Aveek Choudhury, Harshita Ved, Sagar Singh, Sarang Pande
With the emergence of online communities in the past decade, the popularity of social or peer-to-peer(P2P) lending have risen, increasing the accessibility of credit. P2P lending involves the practice of lending money to individuals (or small businesses) via organizations that match anonymous lenders/investors with borrowers bringing new economic capabilities to financing. A key issue in this peer-to-peer loan origination system is balancing credit risk while increasing credit accessibility.

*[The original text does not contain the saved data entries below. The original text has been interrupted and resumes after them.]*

lemma dot_vadd:
  "length c = length y \<Longrightarrow> length y = length z \<Longrightarrow> dot c (vadd y z) = (dot c y \<noteq> dot c z)"
proof (induction c arbitrary: y z)
  case (Cons a c)
  then obtain b y' d z' where "y = b # y'" "z = d # z'"
    by (metis length_Suc_conv)
  with Cons show ?case by auto
qed simp

lemma dot_zerovec [simp]: "dot c (zerovec k) = False"
  by (induction c arbitrary: k) (auto simp: zerovec_def, case_tac k, auto)

lemma dot_eq_odd_card:
  "length c = length y \<Longrightarrow> dot c y = odd (card {i. i < length c \<and> c ! i \<and> y ! i})"
proof (induction c y rule: list_induct2)
  case (Cons a c b y)
  have "{i. i < length (a # c) \<and> (a # c) ! i \<and> (b # y) ! i}
      = (if a \<and> b then insert 0 else id) (Suc ` {i. i < length c \<and> c ! i \<and> y ! i})"
    by (rule set_eqI, case_tac x) auto
  with Cons.IH show ?case
    by (auto simp: card_image card_insert_if)
qed simp

lemma dot_unit_vec: "length w = l \<Longrightarrow> j < l \<Longrightarrow> dot w (unit_vec l j) = w ! j"
proof -
  assume "length w = l" "j < l"
  then have "{i. i < length w \<and> w ! i \<and> unit_vec l j ! i} = (if w ! j then {j} else {})"
    by (auto simp: unit_vec_def zerovec_def nth_list_update)
  with \<open>length w = l\<close> show ?thesis
    by (simp add: dot_eq_odd_card unit_vec_def zerovec_def)
qed

lemma sign_xor: "sign (a = (\<not> b)) = sign a * sign b"
  by (auto simp: sign_def)

lemma sum_sign_dot:
  assumes "length y = l"
  shows "(\<Sum>c\<in>vecs l. sign (dot c y)) = (if y = zerovec l then 2 ^ l else 0)"
proof (cases "y = zerovec l")
  case True
  then show ?thesis by (simp add: sign_def card_vecs)
next
  case False
  then obtain j where j: "j < l" "y ! j"
    using nonzero_vec_first_one[OF assms] by blast
  define e where "e = unit_vec l j"
  have e: "e \<in> vecs l" by (simp add: e_def vecs_def)
  have "(\<Sum>c\<in>vecs l. sign (dot c y)) = (\<Sum>c\<in>vecs l. sign (dot (vadd c e) y))"
    by (rule sum_vecs_translate[OF e, symmetric])
  also have "\<dots> = - (\<Sum>c\<in>vecs l. sign (dot c y))"
    unfolding sum_negf[symmetric]
    by (rule sum.cong) (use assms e j in \<open>auto simp: vecs_def dot_commute[of _ y]
          dot_vadd dot_unit_vec e_def sign_def\<close>)
  finally show ?thesis using False by simp
qed

section \<open>Spectral form of the amplitude\<close>

definition eigval :: "bool list list \<Rightarrow> bool list \<Rightarrow> complex" where
  "eigval Q c = (\<Sum>r\<leftarrow>Q. sign (dot c r))"

lemma hamil_pow_ket_zero:
  assumes rows: "\<forall>r\<in>set P. length r = l"
  shows "length y = l \<Longrightarrow>
    (hamil P ^^ k) (ket (zerovec l)) y = (\<Sum>c\<in>vecs l. sign (dot c y) * eigval P c ^ k) / 2 ^ l"
proof (induction k arbitrary: y)
  case 0
  then show ?case by (simp add: ket_def sum_sign_dot)
next
  case (Suc k)
  have "(hamil P ^^ Suc k) (ket (zerovec l)) y
      = (\<Sum>a<length P. (hamil P ^^ k) (ket (zerovec l)) (vadd y (P ! a)))"
    by (simp add: hamil_def)
  also have "\<dots> = (\<Sum>a<length P. (\<Sum>c\<in>vecs l. sign (dot c y) * eigval P c ^ k * sign (dot c (P ! a))) / 2 ^ l)"
  proof (rule sum.cong[OF refl])
    fix a assume "a \<in> {..<length P}"
    then have "length (P ! a) = l" using rows by auto
    with Suc show "(hamil P ^^ k) (ket (zerovec l)) (vadd y (P ! a))
        = (\<Sum>c\<in>vecs l. sign (dot c y) * eigval P c ^ k * sign (dot c (P ! a))) / 2 ^ l"
      by (simp add: dot_vadd sign_xor vecs_def mult_ac)
  qed
  also have "\<dots> = (\<Sum>c\<in>vecs l. sign (dot c y) * eigval P c ^ k * (\<Sum>a<length P. sign (dot c (P ! a)))) / 2 ^ l"
    by (simp add: sum_divide_distrib[symmetric] sum_distrib_left sum.swap[of _ "{..<length P}"])
  also have "\<dots> = (\<Sum>c\<in>vecs l. sign (dot c y) * eigval P c ^ Suc k) / 2 ^ l"
    by (simp add: eigval_def sum_list_sum_nth atLeast0LessThan mult_ac)
  finally show ?case .
qed

lemma amp_spectral:
  assumes rows: "\<forall>r\<in>set P. length r = l" and y: "length y = l"
  shows "amp l P \<theta> y = (\<Sum>c\<in>vecs l. sign (dot c y) * exp (\<i> * \<theta> * eigval P c)) / 2 ^ l"
proof -
  have "(\<lambda>k. (\<i> * \<theta>) ^ k / fact k * (hamil P ^^ k) (ket (zerovec l)) y)
      = (\<lambda>k. \<Sum>c\<in>vecs l. sign (dot c y) / 2 ^ l * ((\<i> * \<theta> * eigval P c) ^ k /\<^sub>R fact k))"
    by (simp add: hamil_pow_ket_zero[OF rows y] sum_divide_distrib sum_distrib_left
        scaleR_conv_of_real power_mult_distrib field_simps)
  moreover have "(\<lambda>k. \<Sum>c\<in>vecs l. sign (dot c y) / 2 ^ l * ((\<i> * \<theta> * eigval P c) ^ k /\<^sub>R fact k))
      sums (\<Sum>c\<in>vecs l. sign (dot c y) / 2 ^ l * exp (\<i> * \<theta> * eigval P c))"
    by (intro sums_sum sums_mult exp_converges)
  ultimately show ?thesis
    unfolding amp_def exp_iH_def by (simp add: sums_iff sum_divide_distrib)
qed

section \<open>The code and its weight enumerator\<close>

definition mat_vec :: "bool list list \<Rightarrow> bool list \<Rightarrow> bool list" where
  "mat_vec Q c = map (\<lambda>r. dot r c) Q"

lemma length_mat_vec [simp]: "length (mat_vec Q c) = length Q"
  by (simp add: mat_vec_def)

lemma code_eq_image_mat_vec:
  assumes rows: "\<forall>r\<in>set Q. length r = l"
  shows "code l Q = mat_vec Q ` vecs l"
proof -
  have "map (\<lambda>r. odd (card {b. b < l \<and> r ! b \<and> c ! b})) Q = mat_vec Q c" if "c \<in> vecs l" for c
    using rows that by (auto simp: mat_vec_def vecs_def dot_eq_odd_card)
  then have "(\<lambda>c. map (\<lambda>r. odd (card {b. b < l \<and> r ! b \<and> c ! b})) Q) ` vecs l = mat_vec Q ` vecs l"
    by (rule image_cong[OF refl])
  then show ?thesis
    unfolding code_def vecs_def by blast
qed

lemma mat_vec_vadd:
  assumes rows: "\<forall>r\<in>set Q. length r = l" and "c \<in> vecs l" "d \<in> vecs l"
  shows "mat_vec Q (vadd c d) = vadd (mat_vec Q c) (mat_vec Q d)"
proof -
  have map_vadd: "vadd (map f Q) (map g Q) = map (\<lambda>r. f r \<noteq> g r) Q" for f g
    by (induction Q) auto
  show ?thesis
    unfolding mat_vec_def map_vadd using assms by (auto simp: vecs_def dot_vadd)
qed

lemma mat_vec_zerovec: "mat_vec Q (zerovec l) = zerovec (length Q)"
  unfolding mat_vec_def by (simp add: map_replicate_const zerovec_def[of "length Q"])

lemma card_fibre_mat_vec:
  assumes rows: "\<forall>r\<in>set Q. length r = l" and c0: "c0 \<in> vecs l"
  shows "card {c \<in> vecs l. mat_vec Q c = mat_vec Q c0}
       = card {d \<in> vecs l. mat_vec Q d = zerovec (length Q)}"
proof -
  have "bij_betw (vadd c0) {d \<in> vecs l. mat_vec Q d = zerovec (length Q)}
      {c \<in> vecs l. mat_vec Q c = mat_vec Q c0}"
  proof (rule bij_betw_byWitness[where f' = "vadd c0"])
    have "length (vadd c0 d) = l" if "d \<in> vecs l" for d
      using c0 that by (simp add: vecs_def)
    then show "vadd c0 ` {d \<in> vecs l. mat_vec Q d = zerovec (length Q)}
        \<subseteq> {c \<in> vecs l. mat_vec Q c = mat_vec Q c0}"
         "vadd c0 ` {c \<in> vecs l. mat_vec Q c = mat_vec Q c0}
        \<subseteq> {d \<in> vecs l. mat_vec Q d = zerovec (length Q)}"
      using c0 by (auto simp: mat_vec_vadd[OF rows] vadd_zerovec vadd_self vecs_def)
  qed (use c0 in \<open>auto simp: vecs_def vadd_commute[of c0] vadd_vadd_cancel\<close>)
  then show ?thesis by (simp add: bij_betw_same_card)
qed

lemma sum_vecs_mat_vec:
  assumes rows: "\<forall>r\<in>set Q. length r = l"
  shows "(\<Sum>c\<in>vecs l. g (mat_vec Q c))
       = of_nat (card {d \<in> vecs l. mat_vec Q d = zerovec (length Q)}) * (\<Sum>w\<in>mat_vec Q ` vecs l. g w)"
proof -
  have "(\<Sum>c\<in>vecs l. g (mat_vec Q c))
      = (\<Sum>w\<in>mat_vec Q ` vecs l. \<Sum>c\<in>{c \<in> vecs l. mat_vec Q c = w}. g w)"
    by (subst sum.image_gen[of "vecs l" _ "mat_vec Q"]) auto
  also have "\<dots> = (\<Sum>w\<in>mat_vec Q ` vecs l.
      of_nat (card {d \<in> vecs l. mat_vec Q d = zerovec (length Q)}) * g w)"
    by (rule sum.cong) (auto simp: card_fibre_mat_vec[OF rows])
  finally show ?thesis by (simp add: sum_distrib_left)
qed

In the course of this project, public data made available by LendingClub, world’s largest P2P organization with over $11B of loan origination, is leveraged to analyze and build an intelligent system to reduce manual effort and time consumed in credit risk analysis process. Once a loan application is filed by a borrower, some key steps in the process include -
● Assigning a proposed interest rate against a loan application by LendingClub
● Categorizing the borrower into specific grades based on his/her profile
● Funding decision made by the investor given the borrower application and relevant features attached by LendingClub
These 3 steps provide an opportunity to integrate data-driven algorithms in order to aid the business process and reduce effort and time. Given this understanding of the business and the dataset, the following approach was decided for the course of analysis -
● Conduct exploratory analysis to draw conclusions based on region-wise loan targets and understand loan term distribution to help LendingClub understand specific markets for expansion and also design schemes with flexible interest rates and longer terms to attract young borrowers.
● Explore regression techniques to identify most suited borrower characteristics driving interest rates at which a loan might be offered for a particular borrower and attempt grade classification to aid in quick loan applicant rating.
● Use of classification techniques to analyze loan characteristics and make accurate predictions of good vs bad loan, thereby establishing LendingClub’s reliability amongst its clients.